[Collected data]
(* Let $G$ be a finite primitive permutation group of O'Nan–Scott type $\mathrm{HA}$, $\mathrm{HS}$, $\mathrm{HC}$, $\mathrm{TW}$, $\mathrm{SD}$ or $\mathrm{CD}$, and let $M$ be a point stabilizer of $G$. Then $M$ is a perfect code of $G$.
   Context: All groups are finite. For a group $G$ with identity $e$ and an inverse-closed subset $S\subseteq G\setminus\{e\}$, the Cayley graph $\mathrm{Cay}(G,S)$ has vertex set $G$ and edges $\{g,sg\}$ for $s\in S$, $g\in G$. A perfect code in a graph is a set $C$ of vertices that is independent and such that every vertex outside $C$ is adjacent to exactly one vertex of $C$. A subset (in particular a subgroup) $C$ of a group $G$ is called a perfect code of $G$ if there is a Cayley graph $\mathrm{Cay}(G,S)$ of $G$ in which $C$ is a perfect code. The types $\mathrm{HA},\mathrm{HS},\mathrm{HC},\mathrm{TW},\mathrm{SD},\mathrm{CD},\mathrm{AS},\mathrm{PA}$ of primitive groups are those of the O'Nan–Scott classification (e.g. as in Praeger, 1997). *)

theory Defs
  imports "HOL-Algebra.Algebra"
begin

definition primitive_action :: "('a, 'c) monoid_scheme \<Rightarrow> 'b set \<Rightarrow> ('a \<Rightarrow> 'b \<Rightarrow> 'b) \<Rightarrow> bool" where
  "primitive_action G \<Omega> \<phi> \<longleftrightarrow>
     group_action G \<Omega> \<phi> \<and> inj_on \<phi> (carrier G) \<and> \<Omega> \<noteq> {} \<and>
     (\<forall>x\<in>\<Omega>. \<forall>y\<in>\<Omega>. \<exists>g\<in>carrier G. \<phi> g x = y) \<and>
     (\<forall>B. B \<subseteq> \<Omega> \<and> B \<noteq> {} \<and>
          (\<forall>g\<in>carrier G. \<phi> g ` B = B \<or> \<phi> g ` B \<inter> B = {})
          \<longrightarrow> (\<exists>x. B = {x}) \<or> B = \<Omega>)"

definition minimal_normal :: "('a, 'c) monoid_scheme \<Rightarrow> 'a set \<Rightarrow> bool" where
  "minimal_normal G N \<longleftrightarrow> N \<lhd> G \<and> N \<noteq> {\<one>\<^bsub>G\<^esub>} \<and>
     (\<forall>K. K \<lhd> G \<and> K \<subseteq> N \<longrightarrow> K = {\<one>\<^bsub>G\<^esub>} \<or> K = N)"

definition abelian_set :: "('a, 'c) monoid_scheme \<Rightarrow> 'a set \<Rightarrow> bool" where
  "abelian_set G N \<longleftrightarrow> (\<forall>x\<in>N. \<forall>y\<in>N. x \<otimes>\<^bsub>G\<^esub> y = y \<otimes>\<^bsub>G\<^esub> x)"

definition regular_on :: "('a, 'c) monoid_scheme \<Rightarrow> 'b set \<Rightarrow> ('a \<Rightarrow> 'b \<Rightarrow> 'b) \<Rightarrow> 'a set \<Rightarrow> bool" where
  "regular_on G \<Omega> \<phi> N \<longleftrightarrow> (\<forall>x\<in>\<Omega>. \<forall>y\<in>\<Omega>. \<exists>!g. g \<in> N \<and> \<phi> g x = y)"

definition centralizer_in :: "('a, 'c) monoid_scheme \<Rightarrow> 'a set \<Rightarrow> 'a set \<Rightarrow> 'a set" where
  "centralizer_in G N T = {x\<in>N. \<forall>t\<in>T. x \<otimes>\<^bsub>G\<^esub> t = t \<otimes>\<^bsub>G\<^esub> x}"

(* the simple direct factors of N = T^k (N nonabelian characteristically simple):
   the minimal normal subgroups of N *)
definition simple_factors :: "('a, 'c) monoid_scheme \<Rightarrow> 'a set \<Rightarrow> 'a set set" where
  "simple_factors G N = {T. minimal_normal (G\<lparr>carrier := N\<rparr>) T}"

(* D is a full diagonal subgroup of N = T_1 x ... x T_k: D \<le> N and the projection of D
   onto each factor T_i (whose kernel on N is the centralizer of T_i in N) is an isomorphism *)
definition full_diagonal :: "('a, 'c) monoid_scheme \<Rightarrow> 'a set \<Rightarrow> 'a set \<Rightarrow> bool" where
  "full_diagonal G N D \<longleftrightarrow> subgroup D G \<and> D \<subseteq> N \<and>
     (\<forall>T\<in>simple_factors G N.
        D \<inter> centralizer_in G N T = {\<one>\<^bsub>G\<^esub>} \<and> D <#>\<^bsub>G\<^esub> centralizer_in G N T = N)"

definition unique_minimal_normal :: "('a, 'c) monoid_scheme \<Rightarrow> 'a set \<Rightarrow> bool" where
  "unique_minimal_normal G N \<longleftrightarrow> minimal_normal G N \<and> (\<forall>K. minimal_normal G K \<longrightarrow> K = N)"

definition two_minimal_normal :: "('a, 'c) monoid_scheme \<Rightarrow> 'a set \<Rightarrow> 'a set \<Rightarrow> bool" where
  "two_minimal_normal G N1 N2 \<longleftrightarrow> N1 \<noteq> N2 \<and> minimal_normal G N1 \<and> minimal_normal G N2 \<and>
     (\<forall>K. minimal_normal G K \<longrightarrow> K = N1 \<or> K = N2)"

definition type_HA :: "('a, 'c) monoid_scheme \<Rightarrow> 'b set \<Rightarrow> ('a \<Rightarrow> 'b \<Rightarrow> 'b) \<Rightarrow> bool" where
  "type_HA G \<Omega> \<phi> \<longleftrightarrow> (\<exists>N. unique_minimal_normal G N \<and> abelian_set G N \<and> regular_on G \<Omega> \<phi> N)"

definition type_HS :: "('a, 'c) monoid_scheme \<Rightarrow> 'b set \<Rightarrow> ('a \<Rightarrow> 'b \<Rightarrow> 'b) \<Rightarrow> bool" where
  "type_HS G \<Omega> \<phi> \<longleftrightarrow> (\<exists>N1 N2. two_minimal_normal G N1 N2 \<and>
     \<not> abelian_set G N1 \<and> \<not> abelian_set G N2 \<and>
     simple_group (G\<lparr>carrier := N1\<rparr>) \<and> simple_group (G\<lparr>carrier := N2\<rparr>) \<and>
     regular_on G \<Omega> \<phi> N1 \<and> regular_on G \<Omega> \<phi> N2)"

§ **Work item**
For the word "carrier", report how many lines of the records contain it; respond with the number only.

§ **The completed task**
5